= Eilian Wyn =

Welsh actor

Eilian Wyn (also credited as Eilian Wyn-Jones or Eilian Wynn) is a Welsh stage, film, and television actor from Deiniolen, North Wales, whose career spans from the 1960s to the present.

== Career ==

=== Welsh-language theatre ===
Wyn was one of three actors who gave the premiere performance of Y Ffin, a play by Gwenlyn Parry, at the National Eisteddfod in the Vale of Clwyd in 1973, alongside Gaynor Morgan Rees and David Lyn, staged by Cwmni Theatr Cymru. He played the lead role of Enoc Huws in a 1974 BBC Cymru television adaptation of Daniel Owen's novel Enoc Huws, alongside Guto Roberts and Sharon Morgan.

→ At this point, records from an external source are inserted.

lemma adic_expansion_unique:
  assumes "is_adic_expansion r d" "is_adic_expansion r d'"
  shows "d = d'"
proof -
  define a where "a i = d i - d' i" for i
  have "(\<Sum>i<s. a i * \<gamma> ^ i) = (\<Sum>i<s. d i * \<gamma> ^ i) - (\<Sum>i<s. d' i * \<gamma> ^ i)"
    by (simp add: a_def algebra_simps sum_subtractf)
  also have "\<dots> = 0" using assms by (simp add: is_adic_expansion_def)
  finally have sum_zero: "\<gamma> ^ 0 * (\<Sum>i<s. a i * \<gamma> ^ i) = 0" by simp
  have digits_diff: "\<forall>i<s. \<gamma> dvd a i \<longrightarrow> a i = 0"
  proof (intro allI impI)
    fix i assume "i < s" "\<gamma> dvd a i"
    with assms obtain l l' where "l < q" "l' < q" "d i = e l" "d' i = e l'"
      unfolding is_adic_expansion_def by blast
    with \<open>\<gamma> dvd a i\<close> rep_dvd_diff_imp_eq[of l l'] show "a i = 0" by (simp add: a_def)
  qed
  have "0 + s \<le> s" by simp
  from this digits_diff sum_zero have "\<forall>i<s. a i = 0"
    by (rule adic_sum_eq_zero_imp_coeffs_zero)
  show "d = d'"
  proof
    fix i
    show "d i = d' i"
    proof (cases "i < s")
      case True
      with \<open>\<forall>i<s. a i = 0\<close> show ?thesis by (simp add: a_def)
    next
      case False
      with assms show ?thesis unfolding is_adic_expansion_def by (simp add: not_less)
    qed
  qed
qed

lemma is_adic_expansion_digits: "is_adic_expansion r (digit r)"
proof -
  have "\<exists>!d. is_adic_expansion r d"
    using adic_expansion_exists adic_expansion_unique by blast
  then show ?thesis
    unfolding digits_def is_adic_expansion_def[symmetric] by (rule theI')
qed

lemma digits_eqI: "is_adic_expansion r d \<Longrightarrow> digit r = d"
  using adic_expansion_unique is_adic_expansion_digits by blast

lemma digits_in_reps: "i < s \<Longrightarrow> \<exists>j<q. digit r i = e j"
  using is_adic_expansion_digits[of r] unfolding is_adic_expansion_def by blast

lemma sum_digits: "(\<Sum>i<s. digit r i * \<gamma> ^ i) = r"
  using is_adic_expansion_digits[of r] unfolding is_adic_expansion_def by (elim conjE) (erule sym)

lemma eq_if_digits_eq:
  assumes "\<And>i. i < s \<Longrightarrow> digit x i = digit y i"
  shows "x = y"
proof -
  have "(\<Sum>i<s. digit x i * \<gamma> ^ i) = (\<Sum>i<s. digit y i * \<gamma> ^ i)"
    using assms by (intro sum.cong) auto
  then show ?thesis by (simp only: sum_digits)
qed

lemma digits_zero: "digit 0 = (\<lambda>_. 0)"
  by (rule digits_eqI) (use q_ge_2 e_0 in \<open>auto simp: is_adic_expansion_def intro!: image_eqI[of _ _ 0]\<close>)

lemma digits_one: "digit 1 = (\<lambda>i. if i = 0 then 1 else 0)"
proof (rule digits_eqI)
  have "(\<Sum>i<s. (if i = 0 then 1 else 0) * \<gamma> ^ i) = (\<Sum>i<s. if i = 0 then 1 else (0::'r))"
    by (rule sum.cong) auto
  also have "\<dots> = 1" using s_ge_1 by simp
  finally show "is_adic_expansion 1 (\<lambda>i. if i = 0 then 1 else 0)"
    using q_ge_2 e_0 e_1 s_ge_1 unfolding is_adic_expansion_def
    by (auto intro!: image_eqI[of _ _ 0] image_eqI[of _ _ 1])
qed

lemma tidx_rep: "l < q \<Longrightarrow> tidx q e (e l) = l"
  unfolding tidx_def
proof (rule the_equality)
  show "l < q \<and> e l = e l" if "l < q" using that by simp
  show "l' = l" if "l < q" "l' < q \<and> e l' = e l" for l'
    using that rep_dvd_diff_imp_eq[of l' l] by simp
qed

lemma tidx_zero: "tidx q e 0 = 0" and tidx_one: "tidx q e 1 = 1"
  using tidx_rep[of 0] tidx_rep[of 1] q_ge_2 e_0 e_1 by simp_all

lemma tidx_digits_eq_iff:
  assumes "i < s" "j < q"
  shows "tidx q e (digit x i) = j \<longleftrightarrow> digit x i = e j"
proof -
  obtain l where "l < q" "digit x i = e l" using digits_in_reps assms(1) by blast
  with assms(2) tidx_rep[of l] rep_dvd_diff_imp_eq[of l j] show ?thesis by auto
qed
lemma face_of_subset_if_same_neighbours:
  fixes P :: "'a::euclidean_space set"
  assumes P: "polytope P" and F: "F face_of P" and F': "F' face_of P"
    and v: "v \<in> poly_vertices P" "v \<in> F" "v \<in> F'"
    and same: "{u. poly_adj F u v} = {u. poly_adj F' u v}"
  shows "F \<subseteq> F'"
proof (rule ccontr)
  assume "\<not> F \<subseteq> F'"
  have Fp: "polytope F" using face_of_polytope_polytope P F by blast
  have vF: "v extreme_point_of F"
    using extreme_point_of_face[OF F] v by (simp add: poly_vertices_def)
  have "F \<inter> F' face_of F"
    using face_of_subset[OF face_of_Int[OF F F']] face_of_imp_subset[OF F] by blast
  then obtain E where E: "E edge_of F" "v \<in> E" "\<not> E \<subseteq> F \<inter> F'"
    using polytope_edge_leaving_face[OF Fp vF] v \<open>\<not> F \<subseteq> F'\<close> by blast
  have Ef: "E face_of F" using E(1) by (simp add: edge_of_def)
  have "{w. w extreme_point_of E} \<subseteq> F'"
  proof
    fix w assume "w \<in> {w. w extreme_point_of E}"
    then have w: "w extreme_point_of E" by simp
    show "w \<in> F'"
    proof (cases "w = v")
      case False
      have "w extreme_point_of F" using extreme_point_of_face[OF Ef] w by simp
      then have "poly_adj F w v"
        unfolding poly_adj_def poly_vertices_def using vF False E(1,2) w extreme_point_of_def by blast
      then have "poly_adj F' w v" using same by blast
      then show ?thesis unfolding poly_adj_def poly_vertices_def extreme_point_of_def by blast
    qed (use v in simp)
  qed
  then have "E \<subseteq> F'"
    using Krein_Milman_Minkowski[OF face_of_imp_compact[OF polytope_imp_convex[OF Fp]
        polytope_imp_compact[OF Fp] Ef] face_of_imp_convex[OF Ef]]
      hull_minimal face_of_imp_convex[OF F'] by metis
  then show False using E(3) edge_of_imp_subset[OF E(1)] by blast
qed

lemma inj_on_neighbours_faces_through_vertex:
  fixes P :: "'a::euclidean_space set"
  assumes "polytope P" "v \<in> poly_vertices P"
  shows "inj_on (\<lambda>F. {u. poly_adj F u v}) {F. F face_of P \<and> v \<in> F}"
proof (rule inj_onI)
  fix F F' assume "F \<in> {F. F face_of P \<and> v \<in> F}" "F' \<in> {F. F face_of P \<and> v \<in> F}"
    and "{u. poly_adj F u v} = {u. poly_adj F' u v}"
  then show "F = F'"
    using face_of_subset_if_same_neighbours[OF assms(1) _ _ assms(2)] by (auto intro: subset_antisym)
qed

lemma card_sink_faces_le:
  fixes P :: "'a::euclidean_space set"
  assumes P: "polytope P" and v: "v \<in> poly_vertices P"
  shows "card {F. F face_of P \<and> F \<noteq> {} \<and> is_sink F Ori v} \<le> 2 ^ indeg P Ori v"
proof -
  let ?S = "{F. F face_of P \<and> F \<noteq> {} \<and> is_sink F Ori v}"
  let ?N = "{u. poly_adj P u v \<and> Ori u v}"
  have "?N \<subseteq> poly_vertices P"
    unfolding poly_adj_def by blast
  then have finN: "finite ?N"
    using finite_subset finite_poly_vertices[OF P] by blast
  have "?S \<subseteq> {F. F face_of P \<and> v \<in> F}"
    unfolding is_sink_def poly_vertices_def extreme_point_of_def by blast
  then have inj: "inj_on (\<lambda>F. {u. poly_adj F u v}) ?S"
    using inj_on_neighbours_faces_through_vertex[OF P v] inj_on_subset by blast
  have "(\<lambda>F. {u. poly_adj F u v}) ` ?S \<subseteq> Pow ?N"
    using poly_adj_face_of unfolding is_sink_def by blast
  then have "card ?S \<le> card (Pow ?N)"
    using card_inj_on_le[OF inj] finN by simp
  also have "\<dots> = 2 ^ indeg P Ori v"
    using finN by (simp add: card_Pow indeg_def)
  finally show ?thesis .
qed

lemma finite_acyclic_orientation_has_sink:
  assumes "finite S" "S \<noteq> {}" "acyclic_orientation Ori"
  obtains z where "z \<in> S" "\<forall>u\<in>S. \<not> Ori z u"
proof -
  define R where "R = {(a, b). Ori a b \<and> a \<in> S \<and> b \<in> S}"
  have "R \<subseteq> S \<times> S" unfolding R_def by blast
  then have "finite R" using assms(1) finite_subset by blast
  have "Ori\<^sup>+\<^sup>+ a b" if "(a, b) \<in> R\<^sup>+" for a b
    using that by (induction rule: trancl.induct) (auto simp: R_def)
  then have "acyclic R"
    using assms(3) unfolding acyclic_def acyclic_orientation_def by blast
  then have "wf (R\<inverse>)"
    using finite_acyclic_wf[of "R\<inverse>"] \<open>finite R\<close> by simp
  moreover obtain x where "x \<in> S" using assms(2) by blast
  ultimately obtain z where z: "z \<in> S" "\<And>y. (y, z) \<in> R\<inverse> \<Longrightarrow> y \<notin> S"
    using wfE_min[of "R\<inverse>" x S] by blast
  have "\<forall>u\<in>S. \<not> Ori z u"
    using z unfolding R_def by blast
  with z(1) show thesis by (rule that)
qed

lemma face_has_sink:
  fixes P :: "'a::euclidean_space set"
  assumes P: "polytope P" and F: "F face_of P" "F \<noteq> {}"
    and O: "is_orientation P Ori" and A: "acyclic_orientation Ori"
  obtains v where "is_sink F Ori v"
proof -
  have Fp: "polytope F" using face_of_polytope_polytope P F by blast
  obtain x where "x extreme_point_of F"
    using extreme_point_exists_convex[OF polytope_imp_compact[OF Fp] polytope_imp_convex[OF Fp] F(2)]
    by blast
  then have "poly_vertices F \<noteq> {}" by (auto simp: poly_vertices_def)
  then obtain z where z: "z \<in> poly_vertices F" "\<forall>u\<in>poly_vertices F. \<not> Ori z u"
    by (rule finite_acyclic_orientation_has_sink[OF finite_poly_vertices[OF Fp] _ A])
  have "Ori u z" if adj: "poly_adj F u z" for u
  proof -
    have "u \<in> poly_vertices F" using adj unfolding poly_adj_def by simp
    then have "\<not> Ori z u" using z(2) by blast
    then show ?thesis
      using O poly_adj_face_of[OF F(1) adj] unfolding is_orientation_def by blast
  qed
  then have "is_sink F Ori z" using z(1) by (simp add: is_sink_def)
  then show thesis by (rule that)
qed

lemma card_nonempty_faces_le_sum_sink_faces:
  fixes P :: "'a::euclidean_space set"
  assumes P: "polytope P" and O: "is_orientation P Ori" and A: "acyclic_orientation Ori"
  shows "card {F. F face_of P \<and> F \<noteq> {}}
           \<le> (\<Sum>v\<in>poly_vertices P. card {F. F face_of P \<and> F \<noteq> {} \<and> is_sink F Ori v})"
proof -
  let ?S = "\<lambda>v. {F. F face_of P \<and> F \<noteq> {} \<and> is_sink F Ori v}"
  have "{F. F face_of P \<and> F \<noteq> {}} \<subseteq> (\<Union>v\<in>poly_vertices P. ?S v)"
  proof
    fix F assume "F \<in> {F. F face_of P \<and> F \<noteq> {}}"
    then have F: "F face_of P" "F \<noteq> {}" by auto
    then obtain v where sink: "is_sink F Ori v"
      using face_has_sink[OF P _ _ O A] by blast
    then have "v \<in> poly_vertices P"
      using poly_vertices_face_of[OF F(1)] unfolding is_sink_def by blast
    then show "F \<in> (\<Union>v\<in>poly_vertices P. ?S v)" using F sink by blast
  qed
  moreover have "finite (?S v)" for v
    by (rule finite_subset[OF _ finite_polytope_faces[OF P]]) blast
  then have "finite (\<Union>v\<in>poly_vertices P. ?S v)"
    using finite_poly_vertices[OF P] by simp
  ultimately have "card {F. F face_of P \<and> F \<noteq> {}} \<le> card (\<Union>v\<in>poly_vertices P. ?S v)"
    by (simp add: card_mono)
  also have "\<dots> \<le> (\<Sum>v\<in>poly_vertices P. card (?S v))"
    using card_UN_le[OF finite_poly_vertices[OF P]] .
  finally show ?thesis .
qed

lemma sum_f_num_le_card_nonempty_faces:
  assumes "polytope P"
  shows "(\<Sum>i\<le>d. f_num P (int i)) \<le> card {F. F face_of P \<and> F \<noteq> {}}"
proof -
  have fin: "finite {F. F face_of P \<and> Q F}" for Q
    by (rule finite_subset[OF _ finite_polytope_faces[OF assms]]) blast
  have "(\<Sum>i\<le>d. f_num P (int i)) = card (\<Union>i\<le>d. {F. F face_of P \<and> aff_dim F = int i})"
    unfolding f_num_def by (rule card_UN_disjoint[symmetric]) (use fin in auto)
  also have "\<dots> \<le> card {F. F face_of P \<and> F \<noteq> {}}"
    by (rule card_mono[OF fin]) auto
  finally show ?thesis .
qed

theorem lemma2p10:
  fixes P :: "'a::euclidean_space set" and Ori :: "'a \<Rightarrow> 'a \<Rightarrow> bool" and d :: nat
  assumes "polytope P" and "aff_dim P = int d"
    and "is_orientation P Ori" and "acyclic_orientation Ori"
  shows "fO P Ori \<ge> (\<Sum>v\<in>poly_vertices P. card {F. F face_of P \<and> F \<noteq> {} \<and> is_sink F Ori v}) \<and>
         (\<Sum>v\<in>poly_vertices P. card {F. F face_of P \<and> F \<noteq> {} \<and> is_sink F Ori v})
           \<ge> (\<Sum>i\<le>d. f_num P (int i))"
proof
  show "fO P Ori \<ge> (\<Sum>v\<in>poly_vertices P. card {F. F face_of P \<and> F \<noteq> {} \<and> is_sink F Ori v})"
    unfolding fO_def by (rule sum_mono) (rule card_sink_faces_le[OF assms(1)])
  show "(\<Sum>v\<in>poly_vertices P. card {F. F face_of P \<and> F \<noteq> {} \<and> is_sink F Ori v})
          \<ge> (\<Sum>i\<le>d. f_num P (int i))"
    using sum_f_num_le_card_nonempty_faces[OF assms(1), of d]
      card_nonempty_faces_le_sum_sink_faces[OF assms(1,3,4)] by (rule order_trans)
qed

end
(* Let $IS\in\{\Box,\blacksquare\}^2$. There is no correct compositional translation from $\mathrm{SYNCSIMPLE}$ into $\mathrm{LOCKSIMPLE}_{2,IS}$ of blocking type $(P_1,P_2)$.
   Context: $\mathrm{SYNCSIMPLE}$: subprocesses $\mathcal{U} ::= \checkmark \mid 0 \mid\, !\mathcal{U} \mid\, ?\mathcal{U}$; processes are finite parallel compositions ($\mid$ associative, commutative, $0$ a unit). Reduction: $!\mathcal{U}_1\mid ?\mathcal{U}_2\mid \mathcal{P}\to \mathcal{U}_1\mid\mathcal{U}_2\mid\mathcal{P}$. Successful: of form $\checkmark\mid\mathcal{P}$; may-convergent: reduces to a successful process; must-convergent: every reachable process is may-convergent. $\mathrm{LOCKSIMPLE}_{k,IS}$ ($IS\in\{\Box,\blacksquare\}^k$, $\Box$ empty, $\blacksquare$ full): subprocesses are words over $\{P_1,T_1,\dots,P_k,T_k\}$ followed by $0$ or $\checkmark$; states $(\mathcal{P},C)$ reduce by $(P_i\mathcal{U}\mid\mathcal{P},C)\to(\mathcal{U}\mid\mathcal{P},C[C_i:=\blacksquare])$ only if $C_i=\Box$, and $(T_i\mathcal{U}\mid\mathcal{P},C)\to(\mathcal{U}\mid\mathcal{P},C[C_i:=\Box])$ always. Success = process contains $\checkmark$; a process $\mathcal{P}$ is may/must-convergent iff the state $(\mathcal{P},IS)$ is. A compositional translation $\tau$ is given by words $\tau(!),\tau(?)$ with $\tau(0)=0$, $\tau(\checkmark)=\checkmark$, $\tau(!\mathcal{U})=\tau(!)\tau(\mathcal{U})$, $\tau(?\mathcal{U})=\tau(?)\tau(\mathcal{U})$, $\tau$ commuting with $\mid$; correct = preserves and reflects may- and must-convergence. Blocking type: for a word $S$, run $S$ as a single subprocess from $IS$; if it gets stuck at an occurrence of $P_i$ which is the first symbol from $\{P_i,T_i\}$ in $S$, the blocking type of $S$ is $P_i$; if it gets stuck at a later occurrence of $P_i$ the type is $P_iP_i$. $\tau$ has blocking type $(W_1,W_2)$ if $\tau(!)$ has type $W_1$ and $\tau(?)$ type $W_2$. *)

theory Defs
  imports Main "HOL-Library.Multiset"
begin

datatype ssub = SCheck | SZero | SSend ssub | SRecv ssub

type_synonym sproc = "ssub multiset"  (* finite parallel composition *)

inductive sync_step :: "sproc \<Rightarrow> sproc \<Rightarrow> bool" where
  "sync_step (add_mset (SSend u1) (add_mset (SRecv u2) P)) (add_mset u1 (add_mset u2 P))"

definition sync_successful :: "sproc \<Rightarrow> bool" where
  "sync_successful P \<longleftrightarrow> SCheck \<in># P"

definition sync_may :: "sproc \<Rightarrow> bool" where
  "sync_may P \<longleftrightarrow> (\<exists>Q. sync_step\<^sup>*\<^sup>* P Q \<and> sync_successful Q)"

definition sync_must :: "sproc \<Rightarrow> bool" where
  "sync_must P \<longleftrightarrow> (\<forall>Q. sync_step\<^sup>*\<^sup>* P Q \<longrightarrow> sync_may Q)"

text \<open>Lock operations P_i and T_i, with indices i in 1..k.
  Lock configurations are lists of length k; entry i-1 describes lock i;
  True = full (filled square), False = empty (empty square).\<close>

datatype lact = LP nat | LT nat

fun lidx :: "lact \<Rightarrow> nat" where
  "lidx (LP i) = i" | "lidx (LT i) = i"

definition valid_word :: "nat \<Rightarrow> lact list \<Rightarrow> bool" where
  "valid_word k w \<longleftrightarrow> (\<forall>a\<in>set w. 1 \<le> lidx a \<and> lidx a \<le> k)"

datatype lend = LZero | LCheck

type_synonym lsub = "lact list \<times> lend"
type_synonym lproc = "lsub multiset"
type_synonym lstate = "lproc \<times> bool list"

inductive lock_step :: "lstate \<Rightarrow> lstate \<Rightarrow> bool" where
  lock_P: "\<not> C ! (i - 1) \<Longrightarrow>
     lock_step (add_mset (LP i # w, e) M, C) (add_mset (w, e) M, C[i - 1 := True])"
| lock_T: "lock_step (add_mset (LT i # w, e) M, C) (add_mset (w, e) M, C[i - 1 := False])"

definition lock_successful :: "lstate \<Rightarrow> bool" where
  "lock_successful S \<longleftrightarrow> ([], LCheck) \<in># fst S"

definition lock_may_state :: "lstate \<Rightarrow> bool" where
  "lock_may_state S \<longleftrightarrow> (\<exists>S'. lock_step\<^sup>*\<^sup>* S S' \<and> lock_successful S')"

He was later a member of Cwmni Theatr Gwynedd and of the 1970s pop group Pryderi & His Pigs.

=== Television and film ===
Wyn's English-language screen credits include an appearance in an episode of The Wednesday Play (1970) and Thriller (1975), a role in The Duchess of Duke Street (1977), and the recurring part of "Demonstrator" in Lindsay Anderson's film Britannia Hospital (1982). He played the recurring character Owen Thomas across the pilot and first series of the sitcom The New Statesman (1984–1985). He appeared as a doctor in the film Human Traffic (1999) and provided the voice of Arawn in the animated film Y Mabinogi (2003).

More recently, Wyn appeared in Despite the Falling Snow (2016) and Mayhem (2017), and had a recurring role as "Three" in the American fantasy series The Outpost (2019–2021). He has also worked in Serbian television, including the series Beleznica profesora Miskovica (2021), and appeared in Miss Scarlet and the Duke (2022).

== Personal life ==
As of 2026, Wyn is living in Belgrade, Serbia.